Предлагаемый Франком метод понимания и сочувственного постижения имеет «трехшаговый» характер. Во-первых, в воззрениях и учениях русских мыслителей (не только философов, но и писателей) нужно найти объективно и ощутимо содержащиеся «идеи и философемы». Во-вторых, своеобразие этих идей и философем необходимо постичь посредством «интуитивного углубления и вчувствования». И наконец, в-третьих, на этой основе должно состояться «сочувственное постижение» внутренних тенденций и своеобразия «национального духа». Отметим, что во всех «трех шагах» большую роль играет не столько рационально-логическое, сколько интуитивно-чувственное постижение. Хотя значение рационально-логического постижения, по крайней мере на заключительных этапах этого анализа — от классификации и систематизации до построения системы, преуменьшать также нельзя.

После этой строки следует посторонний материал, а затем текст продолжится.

theorem fourier_coeff_eq_0_imp_eq_0:
  fixes h :: "real \<Rightarrow> complex"
  assumes hc: "continuous_on UNIV h" and per: "\<And>x. h (x + 1) = h x"
    and zero: "\<And>k. fourier_coeff h k = 0"
  shows "h x = 0"
proof (rule integral_norm_sq_eq_0_imp_eq_0[OF hc per])
  obtain H where Hc: "continuous_on (sphere 0 1) H" and H: "\<And>x. H (trig_exp 1 x) = cnj (h x)"
    using periodic_lift_to_circle[of "\<lambda>x. cnj (h x)"] hc per by (metis continuous_on_cnj)
  obtain M where M: "M > 0" "\<And>x. x \<in> {0..1} \<Longrightarrow> norm (h x) \<le> M"
    using compact_imp_bounded[OF compact_continuous_image[OF continuous_on_subset[OF hc]]]
    by (metis bounded_pos compact_Icc image_eqI subset_UNIV)
  define I where "I = integral {0..1} (\<lambda>x. (norm (h x))\<^sup>2)"
  \<comment> \<open>\<open>I\<close> is the integral of \<open>h\<close> times \<open>cnj h\<close>, which is uniformly close to a polynomial in \<open>trig_exp 1\<close>,
    and \<open>h\<close> is orthogonal to all such polynomials\<close>
  have "I \<le> e" if e: "e > 0" for e
  proof -
    obtain G where G: "polynomial_function G" "\<And>z. z \<in> sphere 0 1 \<Longrightarrow> norm (H z - G z) < e / M"
      using Stone_Weierstrass_polynomial_function[OF compact_sphere Hc, of "e / M"] e M(1) by auto
    define R where "R x = cnj (h x) - G (trig_exp 1 x)" for x
    have TG: "trig_sum (\<lambda>x. G (trig_exp 1 x))" by (rule trig_sum_polynomial[OF G(1)])
    have cont: "continuous_on UNIV (\<lambda>x. h x * R x)" "continuous_on UNIV (\<lambda>x. h x * G (trig_exp 1 x))"
      unfolding R_def by (intro continuous_intros hc continuous_on_trig_sum[OF TG])+
    have "of_real ((norm (h x))\<^sup>2) = h x * R x + h x * G (trig_exp 1 x)" for x
      unfolding R_def complex_norm_square by (simp add: algebra_simps)
    moreover have "integral {0..1} (\<lambda>x. of_real ((norm (h x))\<^sup>2)) = (of_real I :: complex)"
      unfolding I_def
      by (rule integral_unique[OF has_integral_of_real[OF integrable_integral[OF integrable_norm_sq[OF hc]]]])
    ultimately have "of_real I = integral {0..1} (\<lambda>x. h x * R x)"
      using integral_mult_trig_sum_eq_0[OF TG hc zero] integral_add[OF cont[THEN integrable_continuous_01]]
      by simp
    also have "norm \<dots> \<le> integral {0..1} (\<lambda>x::real. M * (e / M))"
    proof (rule integral_norm_bound_integral)
      show "(\<lambda>x. h x * R x) integrable_on {0..1}" by (rule integrable_continuous_01[OF cont(1)])
      show "norm (h x * R x) \<le> M * (e / M)" if "x \<in> {0..1}" for x
        unfolding norm_mult R_def using M that G(2)[of "trig_exp 1 x"] H[of x]
        by (intro mult_mono) (auto simp: norm_minus_commute less_imp_le)
    qed (rule integrable_continuous_interval[OF continuous_on_const])
    finally show "I \<le> e" using M(1) by simp
  qed
  then have "I \<le> 0" by (metis field_le_epsilon add_0)
  moreover have "0 \<le> I"
    unfolding I_def by (rule integral_nonneg[OF integrable_norm_sq[OF hc]]) simp
  ultimately show "integral {0..1} (\<lambda>x. (norm (h x))\<^sup>2) = 0" by (simp add: I_def)
qed
(* In the setting described in the context, the length $N$ of any full route satisfies $N\le b^{\max}|E|/2$, where $b^{\max}=\max_{e\in E}b(e)$.
   Context: Let $G=(V,E)$ be a finite bipartite graph with color classes $W$ and $F$; the edge joining $w\in W$ and $f\in F$ is written $wf$. Let $b\in\mathbb Z_+^E$ be capacities. For $v\in V$, let $E_v$ be the set of edges incident to $v$, $\mathcal B_v=\{z\in\mathbb Z_+^{E_v}: z(e)\le b(e)\}$, $\mathbf 1^e$ the unit vector of $e$, $|z|=\sum_e|z(e)|$, $\wedge,\vee$ componentwise min and max. Each $v$ has a choice function $C_v:\mathcal B_v\to\mathcal B_v$ with $C_v(z)\le z$, satisfying for all $z,z'$: (A1) $z\ge z'\ge C_v(z)\Rightarrow C_v(z')=C_v(z)$; (A2) $z\ge z'\Rightarrow C_v(z)\wedge z'\le C_v(z')$; (A3) $z\ge z'\Rightarrow |C_v(z)|\ge|C_v(z')|$. Acceptable: $C_v(z)=z$; for distinct acceptable $z,z'$, $z'\prec_v z$ iff $C_v(z\vee z')=z$. $x_v$ is the restriction of $x$ to $E_v$; a g-matching is $x\in\mathbb Z_+^E$, $x\le b$, all $x_v$ acceptable; $x\prec_F y$ (distinct) iff $x_f\preceq_f y_f$ for all $f\in F$. Edge $e\in E_v$ is interesting for $v$ under acceptable $z$ if some $z'\in\mathcal B_v$ has $z'(e)>z(e)$, $z'(e')=z(e')$ for $e'\ne e$, $C_v(z')(e)>z(e)$; $e=wf$ blocks g-matching $x$ if it is interesting for $w$ under $x_w$ and for $f$ under $x_f$. $\mathcal S$ is the set of g-matchings with no blocking edge (stable); $(\mathcal S,\prec_F)$ is a nonempty finite distributive lattice with minimum $x^{\min}$ and maximum $x^{\max}$. Rotations: for $x\in\mathcal S$, $U_F^+(x)$ = edges $wf$ interesting for $f$ under $x_f$; $U_F^-(x)$ = edges $wf$ with $x(wf)>0$ not interesting for $f$. Legal $f$-pair: $(a,c)$, $a\in U_F^+(x)\cap E_f$, $c\in E_f\setminus\{a\}$, $C_f(x_f+\mathbf 1^a)=x_f+\mathbf 1^a-\mathbf 1^c$. Legal $w$-pair: $(c,a)$, $c\in U_F^-(x)\cap E_w$, $a\in U_F^+(x)\cap E_w$, $x_w+\mathbf 1^a-\mathbf 1^c$ acceptable for $w$; essential if no $d\in(U_F^+(x)\cap E_w)\setminus\{a\}$ is interesting for $w$ under $x_w+\mathbf 1^a-\mathbf 1^c$. Digraph with vertices $w^e,f^e$ for each $e=wf\in U_F^+(x)\cup U_F^-(x)$, arcs $(w^a,f^a)$ ($a\in U_F^+$), $(f^c,w^c)$ ($c\in U_F^-$), $(f^a,f^c)$ for legal $f$-pairs, $(w^c,w^a)$ for essential $w$-pairs; after repeatedly deleting vertices with no entering arc, the remaining directed cycles correspond to cyclic sequences $(a_1,c_1,\dots,a_k,c_k)$ of distinct edges of $G$, the rotations $R\in\mathcal R(x)$ applicable to $x$, with $\chi^R$ equal to $+1$ on the $a_i$, $-1$ on the $c_i$, $0$ elsewhere. $\tau_R(x)$ is the maximum $\lambda$ with $x+i\chi^R\in\mathcal S$ for $i=1,\dots,\lambda$. A full route is a sequence $x^{\min}=x_0,\dots,x_N=x^{\max}$ with $x_i=x_{i-1}+\tau_{R_i}(x_{i-1})\chi^{R_i}$, $R_i\in\mathcal R(x_{i-1})$; $N$ is its length. *)

theory Defs
  imports Main "HOL-Library.Function_Algebras"
begin

text \<open>Vectors in Z_+^{E_v} are represented as int-valued functions on edges that
vanish outside E_v.  Edges of the bipartite graph are pairs (w,f) with w in W, f in F.\<close>

definition inB :: "'e set \<Rightarrow> ('e \<Rightarrow> nat) \<Rightarrow> ('e \<Rightarrow> int) \<Rightarrow> bool" where
  "inB Ev b z \<equiv> (\<forall>e. (e \<in> Ev \<longrightarrow> 0 \<le> z e \<and> z e \<le> int (b e)) \<and> (e \<notin> Ev \<longrightarrow> z e = 0))"

definition vnorm :: "'e set \<Rightarrow> ('e \<Rightarrow> int) \<Rightarrow> int" where
  "vnorm Ev z = (\<Sum>e\<in>Ev. \<bar>z e\<bar>)"

definition unitv :: "'e \<Rightarrow> ('e \<Rightarrow> int)" where
  "unitv a = (\<lambda>e. if e = a then 1 else 0)"

definition restr :: "'e set \<Rightarrow> ('e \<Rightarrow> int) \<Rightarrow> ('e \<Rightarrow> int)" where
  "restr Ev x = (\<lambda>e. if e \<in> Ev then x e else 0)"

definition choice_fun :: "'e set \<Rightarrow> ('e \<Rightarrow> nat) \<Rightarrow> (('e \<Rightarrow> int) \<Rightarrow> ('e \<Rightarrow> int)) \<Rightarrow> bool" where
  "choice_fun Ev b Cv \<equiv>
     (\<forall>z. inB Ev b z \<longrightarrow> inB Ev b (Cv z) \<and> Cv z \<le> z) \<and>
     \<comment> \<open>(A1)\<close>
     (\<forall>z z'. inB Ev b z \<longrightarrow> inB Ev b z' \<longrightarrow> z \<ge> z' \<longrightarrow> z' \<ge> Cv z \<longrightarrow> Cv z' = Cv z) \<and>
     \<comment> \<open>(A2)\<close>
     (\<forall>z z'. inB Ev b z \<longrightarrow> inB Ev b z' \<longrightarrow> z \<ge> z' \<longrightarrow> inf (Cv z) z' \<le> Cv z') \<and>
     \<comment> \<open>(A3)\<close>
     (\<forall>z z'. inB Ev b z \<longrightarrow> inB Ev b z' \<longrightarrow> z \<ge> z' \<longrightarrow> vnorm Ev (Cv z) \<ge> vnorm Ev (Cv z'))"

definition acceptable :: "'e set \<Rightarrow> ('e \<Rightarrow> nat) \<Rightarrow> (('e \<Rightarrow> int) \<Rightarrow> ('e \<Rightarrow> int)) \<Rightarrow> ('e \<Rightarrow> int) \<Rightarrow> bool" where
  "acceptable Ev b Cv z \<equiv> inB Ev b z \<and> Cv z = z"

definition pref_less :: "'e set \<Rightarrow> ('e \<Rightarrow> nat) \<Rightarrow> (('e \<Rightarrow> int) \<Rightarrow> ('e \<Rightarrow> int)) \<Rightarrow> ('e \<Rightarrow> int) \<Rightarrow> ('e \<Rightarrow> int) \<Rightarrow> bool" where
  "pref_less Ev b Cv z' z \<equiv> acceptable Ev b Cv z \<and> acceptable Ev b Cv z' \<and> z \<noteq> z' \<and> Cv (sup z z') = z"

definition pref_le :: "'e set \<Rightarrow> ('e \<Rightarrow> nat) \<Rightarrow> (('e \<Rightarrow> int) \<Rightarrow> ('e \<Rightarrow> int)) \<Rightarrow> ('e \<Rightarrow> int) \<Rightarrow> ('e \<Rightarrow> int) \<Rightarrow> bool" where
  "pref_le Ev b Cv z' z \<equiv> z' = z \<or> pref_less Ev b Cv z' z"

definition interesting :: "'e set \<Rightarrow> ('e \<Rightarrow> nat) \<Rightarrow> (('e \<Rightarrow> int) \<Rightarrow> ('e \<Rightarrow> int)) \<Rightarrow> ('e \<Rightarrow> int) \<Rightarrow> 'e \<Rightarrow> bool" where
  "interesting Ev b Cv z e \<equiv> e \<in> Ev \<and>
     (\<exists>z'. inB Ev b z' \<and> z' e > z e \<and> (\<forall>e'. e' \<noteq> e \<longrightarrow> z' e' = z e') \<and> Cv z' e > z e)"

definition Ew :: "('w \<times> 'f) set \<Rightarrow> 'w \<Rightarrow> ('w \<times> 'f) set" where
  "Ew E w = {e \<in> E. fst e = w}"

definition Ef :: "('w \<times> 'f) set \<Rightarrow> 'f \<Rightarrow> ('w \<times> 'f) set" where
  "Ef E f = {e \<in> E. snd e = f}"

type_synonym ('w, 'f) vec = "('w \<times> 'f) \<Rightarrow> int"
type_synonym ('w, 'f) cfun = "('w, 'f) vec \<Rightarrow> ('w, 'f) vec"

definition gmatching :: "'w set \<Rightarrow> 'f set \<Rightarrow> ('w \<times> 'f) set \<Rightarrow> ('w \<times> 'f \<Rightarrow> nat)
    \<Rightarrow> ('w \<Rightarrow> ('w, 'f) cfun) \<Rightarrow> ('f \<Rightarrow> ('w, 'f) cfun) \<Rightarrow> ('w, 'f) vec \<Rightarrow> bool" where
  "gmatching W F E b Cw Cf x \<equiv>
     (\<forall>e. e \<notin> E \<longrightarrow> x e = 0) \<and> (\<forall>e\<in>E. 0 \<le> x e \<and> x e \<le> int (b e)) \<and>
     (\<forall>w\<in>W. acceptable (Ew E w) b (Cw w) (restr (Ew E w) x)) \<and>
     (\<forall>f\<in>F. acceptable (Ef E f) b (Cf f) (restr (Ef E f) x))"

definition blocking :: "('w \<times> 'f) set \<Rightarrow> ('w \<times> 'f \<Rightarrow> nat)
    \<Rightarrow> ('w \<Rightarrow> ('w, 'f) cfun) \<Rightarrow> ('f \<Rightarrow> ('w, 'f) cfun) \<Rightarrow> ('w, 'f) vec \<Rightarrow> ('w \<times> 'f) \<Rightarrow> bool" where
  "blocking E b Cw Cf x e \<equiv> e \<in> E \<and>
     interesting (Ew E (fst e)) b (Cw (fst e)) (restr (Ew E (fst e)) x) e \<and>
     interesting (Ef E (snd e)) b (Cf (snd e)) (restr (Ef E (snd e)) x) e"

definition stable :: "'w set \<Rightarrow> 'f set \<Rightarrow> ('w \<times> 'f) set \<Rightarrow> ('w \<times> 'f \<Rightarrow> nat)
    \<Rightarrow> ('w \<Rightarrow> ('w, 'f) cfun) \<Rightarrow> ('f \<Rightarrow> ('w, 'f) cfun) \<Rightarrow> ('w, 'f) vec \<Rightarrow> bool" where
  "stable W F E b Cw Cf x \<equiv> gmatching W F E b Cw Cf x \<and> (\<nexists>e. blocking E b Cw Cf x e)"

definition Fle :: "'f set \<Rightarrow> ('w \<times> 'f) set \<Rightarrow> ('w \<times> 'f \<Rightarrow> nat)
    \<Rightarrow> ('f \<Rightarrow> ('w, 'f) cfun) \<Rightarrow> ('w, 'f) vec \<Rightarrow> ('w, 'f) vec \<Rightarrow> bool" where
  "Fle F E b Cf x y \<equiv> x = y \<or> (\<forall>f\<in>F. pref_le (Ef E f) b (Cf f) (restr (Ef E f) x) (restr (Ef E f) y))"

definition is_xmin :: "'w set \<Rightarrow> 'f set \<Rightarrow> ('w \<times> 'f) set \<Rightarrow> ('w \<times> 'f \<Rightarrow> nat)
    \<Rightarrow> ('w \<Rightarrow> ('w, 'f) cfun) \<Rightarrow> ('f \<Rightarrow> ('w, 'f) cfun) \<Rightarrow> ('w, 'f) vec \<Rightarrow> bool" where
  "is_xmin W F E b Cw Cf x \<equiv> stable W F E b Cw Cf x \<and>
     (\<forall>y. stable W F E b Cw Cf y \<longrightarrow> Fle F E b Cf x y)"

definition is_xmax :: "'w set \<Rightarrow> 'f set \<Rightarrow> ('w \<times> 'f) set \<Rightarrow> ('w \<times> 'f \<Rightarrow> nat)
    \<Rightarrow> ('w \<Rightarrow> ('w, 'f) cfun) \<Rightarrow> ('f \<Rightarrow> ('w, 'f) cfun) \<Rightarrow> ('w, 'f) vec \<Rightarrow> bool" where
  "is_xmax W F E b Cw Cf x \<equiv> stable W F E b Cw Cf x \<and>
     (\<forall>y. stable W F E b Cw Cf y \<longrightarrow> Fle F E b Cf y x)"

definition Uplus :: "('w \<times> 'f) set \<Rightarrow> ('w \<times> 'f \<Rightarrow> nat)
    \<Rightarrow> ('f \<Rightarrow> ('w, 'f) cfun) \<Rightarrow> ('w, 'f) vec \<Rightarrow> ('w \<times> 'f) set" where
  "Uplus E b Cf x = {e \<in> E. interesting (Ef E (snd e)) b (Cf (snd e)) (restr (Ef E (snd e)) x) e}"

definition Uminus :: "('w \<times> 'f) set \<Rightarrow> ('w \<times> 'f \<Rightarrow> nat)
    \<Rightarrow> ('f \<Rightarrow> ('w, 'f) cfun) \<Rightarrow> ('w, 'f) vec \<Rightarrow> ('w \<times> 'f) set" where
  "Uminus E b Cf x = {e \<in> E. x e > 0 \<and> \<not> interesting (Ef E (snd e)) b (Cf (snd e)) (restr (Ef E (snd e)) x) e}"

definition legal_fpair :: "('w \<times> 'f) set \<Rightarrow> ('w \<times> 'f \<Rightarrow> nat)
    \<Rightarrow> ('f \<Rightarrow> ('w, 'f) cfun) \<Rightarrow> ('w, 'f) vec \<Rightarrow> ('w \<times> 'f) \<Rightarrow> ('w \<times> 'f) \<Rightarrow> bool" where
  "legal_fpair E b Cf x a c \<equiv>
     (let f = snd a; xf = restr (Ef E f) x in
       a \<in> Uplus E b Cf x \<inter> Ef E f \<and> c \<in> Ef E f - {a} \<and>
       Cf f (xf + unitv a) = xf + unitv a - unitv c)"

definition legal_wpair :: "('w \<times> 'f) set \<Rightarrow> ('w \<times> 'f \<Rightarrow> nat) \<Rightarrow> ('w \<Rightarrow> ('w, 'f) cfun)
    \<Rightarrow> ('f \<Rightarrow> ('w, 'f) cfun) \<Rightarrow> ('w, 'f) vec \<Rightarrow> ('w \<times> 'f) \<Rightarrow> ('w \<times> 'f) \<Rightarrow> bool" where
  "legal_wpair E b Cw Cf x c a \<equiv>
     (let w = fst c; xw = restr (Ew E w) x in
       c \<in> Uminus E b Cf x \<inter> Ew E w \<and> a \<in> Uplus E b Cf x \<inter> Ew E w \<and>
       acceptable (Ew E w) b (Cw w) (xw + unitv a - unitv c))"

definition essential_wpair :: "('w \<times> 'f) set \<Rightarrow> ('w \<times> 'f \<Rightarrow> nat) \<Rightarrow> ('w \<Rightarrow> ('w, 'f) cfun)
    \<Rightarrow> ('f \<Rightarrow> ('w, 'f) cfun) \<Rightarrow> ('w, 'f) vec \<Rightarrow> ('w \<times> 'f) \<Rightarrow> ('w \<times> 'f) \<Rightarrow> bool" where
  "essential_wpair E b Cw Cf x c a \<equiv> legal_wpair E b Cw Cf x c a \<and>
     (let w = fst c; xw = restr (Ew E w) x in
       \<not> (\<exists>d \<in> (Uplus E b Cf x \<inter> Ew E w) - {a}.
            interesting (Ew E w) b (Cw w) (xw + unitv a - unitv c) d))"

Однако только этих установок — понимания и сочувственного постижения — для осмысления проблемы во всей ее объемности недостаточно. Требуется дополнительное прояснение. Прежде всего онтологическое — национальное (в том числе и русское) мировоззрение не возникает у народа в оформленном виде в самом начале его исторического пути: народу нужно прожить некоторую, иногда значительную, часть своей истории, накопить в общественном сознании и памяти определенную критическую массу впечатлений о пережитых событиях. И уже на их основе народ составляет внятное, отрефлексированное представление об окружающем мире и о себе самом, формулирует систему отличительных фундаментальных принципов, жизненных смыслов и правил, которым, по мере осознания и публичного приятия, придается общенародный статус. В этом смысле, как мы полагаем, дух народа есть концентрированное выражение его истории, как объективной, так и истории его общественного сознания, включая историю идей, базовых ценностей, переживаний, чувств.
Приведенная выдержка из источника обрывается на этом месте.